# Ideas for a live bait tank



## rhorm (Mar 25, 2005)

I go fishing almost everyday. Sometimes the bite just isn't on and I'm left with extra bait (mostly shrimp). I would like to be able to have something at home to keep my leftovers alive. I was thinking about rigging a old cooler with aerators. Any ideas would be helpful.


----------



## barty b (Dec 31, 2004)

Heres what I do, Get you a rubbermaid 75gal tote box and a 750gph external mount pump from wally world. Drill a hole in the side of the tank to fit the intake line. Make sure the hole is at the bottom of the tank. use the fittting supplied to attatch the pump. Run hose from the outflow port into the top of the tank. the pump will run on a gel type marine battery. Now I'm no electrician but I think there is a way to convert it to 110V so you can plug it in.


----------



## ReelinRod (May 29, 2003)

Presently I have a homemade tank I fashioned from a 55 gal plastic drum with a bilge pump aerator from Keep-Alive systems. It rides in my rear trailer hitch in a custom mount. Round or oval tanks are best for fish, in a square-cornered container Herring and bunker especially tend to nose in and will eventually die. In a rounded tank they just swim . . . With shrimp that may not be such an important design criteria.
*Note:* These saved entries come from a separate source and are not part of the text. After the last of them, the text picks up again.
theorem unitary_schur_decomposition:
  fixes A :: "complex mat"
  assumes "A \<in> carrier_mat n n" "char_poly A = (\<Prod>e \<leftarrow> es. [:- e, 1:])"
  shows "\<exists>B P. similar_mat_wit A B P (mat_adjoint P) \<and> upper_triangular B"
  using assms
proof (induction es arbitrary: n A)
  case Nil
  then have "n = 0" using degree_monic_char_poly[of A n] by simp
  with Nil show ?case
    by (intro exI[of _ A] exI[of _ "1\<^sub>m n"]) (auto intro: similar_mat_wit_refl)
next
  case (Cons e es)
  note A = Cons.prems(1)
  have "eigenvalue A e"
    unfolding eigenvalue_root_char_poly[OF A] Cons.prems(2) by simp
  then obtain W A2 A3 where
    sim: "similar_mat_wit A (four_block_mat (mat 1 1 (\<lambda>_. e)) A2 (0\<^sub>m (n - 1) 1) A3) W (mat_adjoint W)"
    and A2: "A2 \<in> carrier_mat 1 (n - 1)" and A3: "A3 \<in> carrier_mat (n - 1) (n - 1)"
    using unitary_deflation[OF A] by blast
  have E: "mat 1 1 (\<lambda>_. e) \<in> carrier_mat 1 1" by simp
  have "[:- e, 1:] * (\<Prod>e \<leftarrow> es. [:- e, 1:]) = char_poly A"
    using Cons.prems(2) by simp
  also have "\<dots> = char_poly (mat 1 1 (\<lambda>_. e)) * char_poly A3"
    using char_poly_similar[of A] sim char_poly_four_block_zeros_col[OF E A2 A3]
    unfolding similar_mat_def by metis
  also have "char_poly (mat 1 1 (\<lambda>_. e)) = [:- e, 1:]"
    by (simp add: char_poly_defs det_def sign_def)
  finally have "char_poly A3 = (\<Prod>e \<leftarrow> es. [:- e, 1:])"
    by (metis mult_cancel_left pCons_eq_0_iff zero_neq_one)
  then obtain B P where simB: "similar_mat_wit A3 B P (mat_adjoint P)" and B: "upper_triangular B"
    using Cons.IH[OF A3] by blast
  have P: "P \<in> carrier_mat (n - 1) (n - 1)" and Bc: "B \<in> carrier_mat (n - 1) (n - 1)"
    using similar_mat_witD2[OF A3 simB] by auto
  have "A2 * P * mat_adjoint P = A2"
    using A2 P similar_mat_witD2[OF A3 simB] by (simp add: assoc_mult_mat[OF A2 P, of _ "n - 1"])
  let ?P = "four_block_mat (1\<^sub>m 1) (0\<^sub>m 1 (n - 1)) (0\<^sub>m (n - 1) 1) P"
  let ?C = "four_block_mat (mat 1 1 (\<lambda>_. e)) (A2 * P) (0\<^sub>m (n - 1) 1) B"
  have "similar_mat_wit (four_block_mat (mat 1 1 (\<lambda>_. e)) A2 (0\<^sub>m (n - 1) 1) A3) ?C ?P (mat_adjoint ?P)"
    unfolding mat_adjoint_four_block_diag[OF P]
    by (rule similar_mat_wit_four_block[OF similar_mat_wit_refl[OF E] simB _ _ E A3])
      (use A2 P \<open>A2 * P * mat_adjoint P = A2\<close> in auto)
  have "1 + (n - 1) = n"
    using similar_mat_witD2(5)[OF A sim] by auto
  then have "?P \<in> carrier_mat n n" using P by auto
  with similar_mat_wit_trans[OF sim \<open>similar_mat_wit _ ?C ?P _\<close>]
  have "similar_mat_wit A ?C (W * ?P) (mat_adjoint (W * ?P))"
    using similar_mat_witD2[OF A sim] by (subst mat_adjoint_mult[of _ n n]) auto
  moreover have "upper_triangular ?C"
    by (rule upper_triangular_four_block[OF E Bc _ B]) auto
  ultimately show ?case by blast
qed

lemma proots_prod_list_linear: "proots (\<Prod>a \<leftarrow> xs. [:- a, 1:]) = mset (xs :: complex list)"
proof (induction xs)
  case (Cons a xs)
  have "proots ([:- a, 1:] * (\<Prod>a \<leftarrow> xs. [:- a, 1:])) = proots [:- a, 1:] + proots (\<Prod>a \<leftarrow> xs. [:- a, 1:])"
    by (rule proots_mult) (auto simp: prod_list_zero_iff)
  then show ?case using Cons.IH proots_linear_factor[of "- a"] by simp
qed simp

lemma normal_row_norm_eq_col_norm:
  fixes T :: "complex mat"
  assumes T: "T \<in> carrier_mat n n" and normal: "T * mat_adjoint T = mat_adjoint T * T" and i: "i < n"
  shows "(\<Sum>j<n. (cmod (T $$ (i, j)))\<^sup>2) = (\<Sum>k<n. (cmod (T $$ (k, i)))\<^sup>2)"
proof -
  have sq: "(complex_of_real (cmod z))\<^sup>2 = z * cnj z" for z
    by (metis complex_norm_square of_real_power)
  have "complex_of_real (\<Sum>j<n. (cmod (T $$ (i, j)))\<^sup>2) = (T * mat_adjoint T) $$ (i, i)"
    using T i by (auto simp: scalar_prod_def sq lessThan_atLeast0 intro!: sum.cong)
  also have "\<dots> = (mat_adjoint T * T) $$ (i, i)" using normal by simp
  also have "\<dots> = complex_of_real (\<Sum>k<n. (cmod (T $$ (k, i)))\<^sup>2)"
    using T i by (auto simp: scalar_prod_def sq lessThan_atLeast0 mult.commute intro!: sum.cong)
  finally show ?thesis using of_real_eq_iff by blast
qed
I have trouble with water temp in the late summer, (increased metabolism, increased oxygen demand, higher stress, quicker fishie mortality), so an insulated unit is my next move. 

I want to modify an Igloo keg cooler, it is a drum shaped cooler that holds a half-keg. It has a 25in diameter, put a hinged Corian lid on it and it will be the chit! Keep everything alive for a long while.













The Patio Barrel is a real barrel of fun! This round barrel shaped ice chest is great for special events and group gatherings. The Igloo Patio Barrel comes with large locking casters that make it easy to move. Ideal for kegs! Large enough to hold a keg or up to 163 12-oz. cans.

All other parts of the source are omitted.